After an hour and a half, we went back to the bus, bound for the next camp, Birkenau. When the Germans
were slowly losing the war, they tried to burn and destroy evidences of their cruelty. Birkenau’s ruins were a witness to all of their efforts. We walked through the gates and found rumbles, edifices of what was once a camp, actually constructed by the prisoners themselves, to hold more people arriving via train. In the middle of the camp was the railway track. I stared at it and noticed stones on the side of the single train cabin left on the track. I quickly realized that it was a Jewish practice, as showing respect for the dead. I looked, waited for the group to move away, and picked a rock and placed it on the side, whispering my respects to all of the victims. From a distance a flag that carried the Star of David, danced along with the wind, as a group of teenagers surrounded their teacher while listening to the history of the camp. They chose a distant spot, far away from the crowd, which I thought was the best way to have a more intimate discussion with the young ones, make them appreciate history and learn from it as much as they can.

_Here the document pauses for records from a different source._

(* For any finite abelian group $G$ and positive integer $n$, the monoid $I_n(\hat G)$ is left inductive and right inductive.
   Context: $\hat G=G\sqcup\{0\}$ with $0$ absorbing. $I_n(\hat G)$ is the monoid of $n\times n$ matrices with entries in $\hat G$ having at most one nonzero entry in each row and each column, under matrix multiplication; it is a $\hat G$-linear monoid with $G$ embedded as scalar matrices. $\mathrm{Vect}_{\hat G}$: objects are finite pointed sets with an action of $\hat G$ ($0v=0$, $g0=0$) such that $G$ acts freely on nonzero elements; morphisms $f$ satisfy $f(0)=0$, $f(gv)=gf(v)$, $f(v_1)=f(v_2)\neq0\Rightarrow Gv_1=Gv_2$. For a monoid $M$ with zero and $a\in M$: $J(a)=MaM$, $I(a)=\{x\in J(a):MxM\neq J(a)\}$, $P(a)=(J(a)\setminus I(a))\cup\{0\}$. $M$ acts on $P(a)$ by left translation ($m\cdot x=mx$ if $mx\in J(a)\setminus I(a)$, else $0$) and on the right by right translation analogously. $M$ is left (resp. right) inductive if for every idempotent $e\in M$, each left (resp. right) translation by an element of $M$ is a morphism of $\mathrm{Vect}_{\hat G}$ on $P(e)$ (so that $P(e)$ is a $\hat G$-linear representation of $M$, resp. of $M^{\mathrm{op}}$, with $0$ acting as zero and $G$ as scalars). *)

theory Defs
  imports "HOL-Algebra.Group"
begin

definition J_ideal :: "'m set \<Rightarrow> ('m \<Rightarrow> 'm \<Rightarrow> 'm) \<Rightarrow> 'm \<Rightarrow> 'm set" where
  "J_ideal M mul a = {mul (mul x a) y | x y. x \<in> M \<and> y \<in> M}"

definition I_ideal :: "'m set \<Rightarrow> ('m \<Rightarrow> 'm \<Rightarrow> 'm) \<Rightarrow> 'm \<Rightarrow> 'm set" where
  "I_ideal M mul a = {x \<in> J_ideal M mul a. J_ideal M mul x \<noteq> J_ideal M mul a}"

definition P_set :: "'m set \<Rightarrow> ('m \<Rightarrow> 'm \<Rightarrow> 'm) \<Rightarrow> 'm \<Rightarrow> 'm \<Rightarrow> 'm set" where
  "P_set M mul z a = (J_ideal M mul a - I_ideal M mul a) \<union> {z}"

definition lact :: "'m set \<Rightarrow> ('m \<Rightarrow> 'm \<Rightarrow> 'm) \<Rightarrow> 'm \<Rightarrow> 'm \<Rightarrow> 'm \<Rightarrow> 'm \<Rightarrow> 'm" where
  "lact M mul z a m x = (if mul m x \<in> J_ideal M mul a - I_ideal M mul a then mul m x else z)"

definition ract :: "'m set \<Rightarrow> ('m \<Rightarrow> 'm \<Rightarrow> 'm) \<Rightarrow> 'm \<Rightarrow> 'm \<Rightarrow> 'm \<Rightarrow> 'm \<Rightarrow> 'm" where
  "ract M mul z a m x = (if mul x m \<in> J_ideal M mul a - I_ideal M mul a then mul x m else z)"

text \<open>An object: a finite pointed set (X, z) with an action of G (the element 0 of \<hat>G acts
  as the constant map to z), fixing z, with G acting freely on nonzero elements.\<close>
definition vect_obj :: "('g, 'b) monoid_scheme \<Rightarrow> 'x set \<Rightarrow> 'x \<Rightarrow> ('g \<Rightarrow> 'x \<Rightarrow> 'x) \<Rightarrow> bool" where
  "vect_obj G X z act \<longleftrightarrow>
     finite X \<and> z \<in> X \<and>
     (\<forall>g\<in>carrier G. \<forall>v\<in>X. act g v \<in> X) \<and>
     (\<forall>v\<in>X. act \<one>\<^bsub>G\<^esub> v = v) \<and>
     (\<forall>g\<in>carrier G. \<forall>h\<in>carrier G. \<forall>v\<in>X. act (g \<otimes>\<^bsub>G\<^esub> h) v = act g (act h v)) \<and>
     (\<forall>g\<in>carrier G. act g z = z) \<and>
     (\<forall>g\<in>carrier G. \<forall>v\<in>X - {z}. act g v = v \<longrightarrow> g = \<one>\<^bsub>G\<^esub>)"

definition vect_mor :: "('g, 'b) monoid_scheme \<Rightarrow> 'x set \<Rightarrow> 'x \<Rightarrow> ('g \<Rightarrow> 'x \<Rightarrow> 'x)
     \<Rightarrow> 'y set \<Rightarrow> 'y \<Rightarrow> ('g \<Rightarrow> 'y \<Rightarrow> 'y) \<Rightarrow> ('x \<Rightarrow> 'y) \<Rightarrow> bool" where
  "vect_mor G X z act Y z' act' f \<longleftrightarrow>
     (\<forall>v\<in>X. f v \<in> Y) \<and> f z = z' \<and>
     (\<forall>g\<in>carrier G. \<forall>v\<in>X. f (act g v) = act' g (f v)) \<and>
     (\<forall>v1\<in>X. \<forall>v2\<in>X. f v1 = f v2 \<and> f v1 \<noteq> z' \<longrightarrow>
        {act g v1 | g. g \<in> carrier G} = {act g v2 | g. g \<in> carrier G})"

text \<open>Matrices indexed by 0..n-1; None is the zero of \<hat>G, Some g an element g of G.\<close>
type_synonym 'g gmat = "nat \<Rightarrow> nat \<Rightarrow> 'g option"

We passed by the grave of ashes, that just looked like a marsh, but held so much pain & sufferings. I didn’t walk close by, but just stared at the healthy soil around. There were a few memorials around, a reminder that read “For Ever let this place be a cry of despair and a warning to humanity, where the Nazis murdered about one and a half million men, women and children, mainly Jews from various countries of Europe. Auschwitz-Birkenau 1940-1945”. I placed a stone on the monument and paid my respects.
We finished the tour with Anna walking us to the nearby barb-wired fence. Going through the tour made me feel so much hatred and anger towards these people. The main colonel went through the trial in Nuremberg, and he was eventually killed in Auschwitz. But majority of the soldiers who performed the dirty deeds were not caught nor punished for such cruelness. Anna though was kind enough to finish the tour on a much lighter note. And even though I’m writing this after a while, I still remember her words and even the expression in her eyes. She held her hands together and said “Ladies & gentlemen, I believe that this is something that everyone should see. You need to understand that to visit these camps is to remind each one what humanity can do when filled with so much hatred.” Everyone nodded and said thank you to her.
I walked silently back to the bus, although heavy hearted after everything I’ve seen, I knew that what Anna said is true… Everyone should see it. At that point, I was so glad to have passed by Krakow.
Made me think back to Philippine history. During World War II, my home country was invaded by the Japanese, and just the same, they were evil enough to kill and torture so many of my countrymen and women. They were also known to be sadists and rapists. And back then during the days when I was studying our history, there came a time that I hated each Japanese I’d come across. So much… I knew being told off by my sister.
I wonder if humanity is learning…. Reading the news now adays doesn’t seem to be proving it otherwise.